Aging is linked to the accumulation of several toxic biomolecules, notably 7-ketocholesterol (7KC), a form of oxidized cholesterol. This molecule naturally builds up in cells and has been pinpointed as a significant contributor to atherosclerosis, a disease that accounts for 44% of global deaths (based on 2017 data). Within atherosclerotic lesions, immune cells called macrophages initially work to clear the buildup. However, as they ingest 7KC mixed with other lipids, they become overwhelmed, turning into pro-inflammatory and dysfunctional foam cells, further aggravating the condition.
Aims, Hypothesis & Results
Cyclarity aims to combat toxic biomolecules associated with aging, primarily focusing on 7-ketocholesterol (7KC). Utilizing CDs (carbohydrates with a truncated conical shape) as active pharmaceutical ingredients (APIs), the goal is to bind these toxins effectively. Specifically, the development focus is on UDP-003, a novel class of CDs tailored for high affinity and specificity to 7KC.

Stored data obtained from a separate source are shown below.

lemma run_gf_interior:
  fixes y s :: "'a::field"
  assumes "0 < j" "j < k" "y \<noteq> 0" "s \<noteq> 0" "1 - y * s \<noteq> 0" "1 - y * (1 / s) \<noteq> 0"
  shows "run_gf k y b j s = (s ^ j - (y * s) ^ k * (1 / y) ^ j) / (1 - y * s)
                           + (y * (1 / s) * s ^ j - y ^ j) / (1 - y * (1 / s))"
proof -
  let ?down = "\<Sum>i\<in>{1..<j}. y ^ (j - i) * s ^ i" and ?up = "\<Sum>i\<in>{j..<k}. y ^ (i - j) * s ^ i"
  have "run_gf k y b j s = ?down + ?up"
  proof -
    have "run_gf k y b j s = (\<Sum>i\<in>{1..<j}. run_weight k y b (int j) (int i) * s ^ i)
                           + (\<Sum>i\<in>{j..<k}. run_weight k y b (int j) (int i) * s ^ i)"
      unfolding run_gf_def using assms(1,2) by (simp add: sum.atLeastLessThan_concat)
    also have "\<dots> = ?down + ?up"
      using assms(1,2)
      by (intro arg_cong2[where f = "(+)"] sum.cong)
         (auto simp: run_weight_def boundary_def nat_diff_distrib power_Suc2[symmetric] Suc_diff_Suc)
    finally show ?thesis .
  qed
  moreover have "?down = (y * (1 / s) * s ^ j - y ^ j) / (1 - y * (1 / s))"
  proof -
    have "s - y \<noteq> 0" using assms(4,6) by (simp add: field_simps)
    have "(s - y) * ?down = y * s ^ j - y ^ j * s"
      using sum_gp_two_var_rev_multiplied[of 1 j s y] assms(1) by simp
    then have "?down = (y * s ^ j - y ^ j * s) / (s - y)"
      using \<open>s - y \<noteq> 0\<close> by (simp add: eq_divide_eq ac_simps)
    also have "\<dots> = (y * (1 / s) * s ^ j - y ^ j) / (1 - y * (1 / s))"
      using assms(4) \<open>s - y \<noteq> 0\<close> by (simp add: field_simps)
    finally show ?thesis .
  qed
  moreover have "?up = (s ^ j - (y * s) ^ k * (1 / y) ^ j) / (1 - y * s)"
  proof -
    have "(1 - y * s) * ?up = s ^ j - y ^ (k - j) * s ^ k"
      using sum_gp_two_var_multiplied[of j k y s] assms(2) by simp
    moreover have "y ^ (k - j) * s ^ k = (y * s) ^ k * (1 / y) ^ j"
      using assms(2,3) by (simp add: power_diff power_one_over power_mult_distrib)
    ultimately show ?thesis using assms(5) by (simp add: field_simps)
  qed
  ultimately show ?thesis by simp
qed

The team hypothesized that UDP-003 would have a significantly higher affinity for 7KC than traditional monomeric CDs. By extracting 7KC from atherosclerotic vascular tissue and blood cells, it's expected that UDP-003 will reverse the toxic transformation of macrophages into foam cells, restoring their normal function and morphology.
UDP-003 demonstrated a remarkably higher affinity for 7KC compared to other CDs. It successfully extracted 7KC from human atherosclerotic tissues and transformed foam cells back to their original macrophage-like state. Additionally, pharmacokinetics revealed that UDP-003 had a short half-life and excellent bioavailability, especially through subcutaneous administration. Non-GLP safety-toxicology tests showed promising safety profiles, further solidifying its potential as a viable therapeutic option against atherosclerosis and other 7KC-related diseases.
VitaDAO Board Evaluation Writeup
Cyclarity Therapeutics is strategically positioned to address one of the most significant markets in aging-related diseases. Their innovative cyclodextrin (CD) molecules employ a unique mechanism to counteract toxic biomolecules that accumulate due to aging. The project boasts a robust intellectual property profile for this novel drug class and has displayed promising early results, outpacing competitors. The impending approach to clinical trials and the "pipeline in a pill" concept, where UDP-003 shows potential applicability across multiple conditions, further underscores its promise. Additionally, its platform's ability to target numerous age-related toxic biomolecules is commendable. However, the use of a new modality for cardiovascular disease poses risks, even if it has been successful in other domains. The project also faces stiff competition from emerging startups and potential resistance from established industry players. Furthermore, the intricacies of obtaining approval for cardiovascular drugs add to the challenges.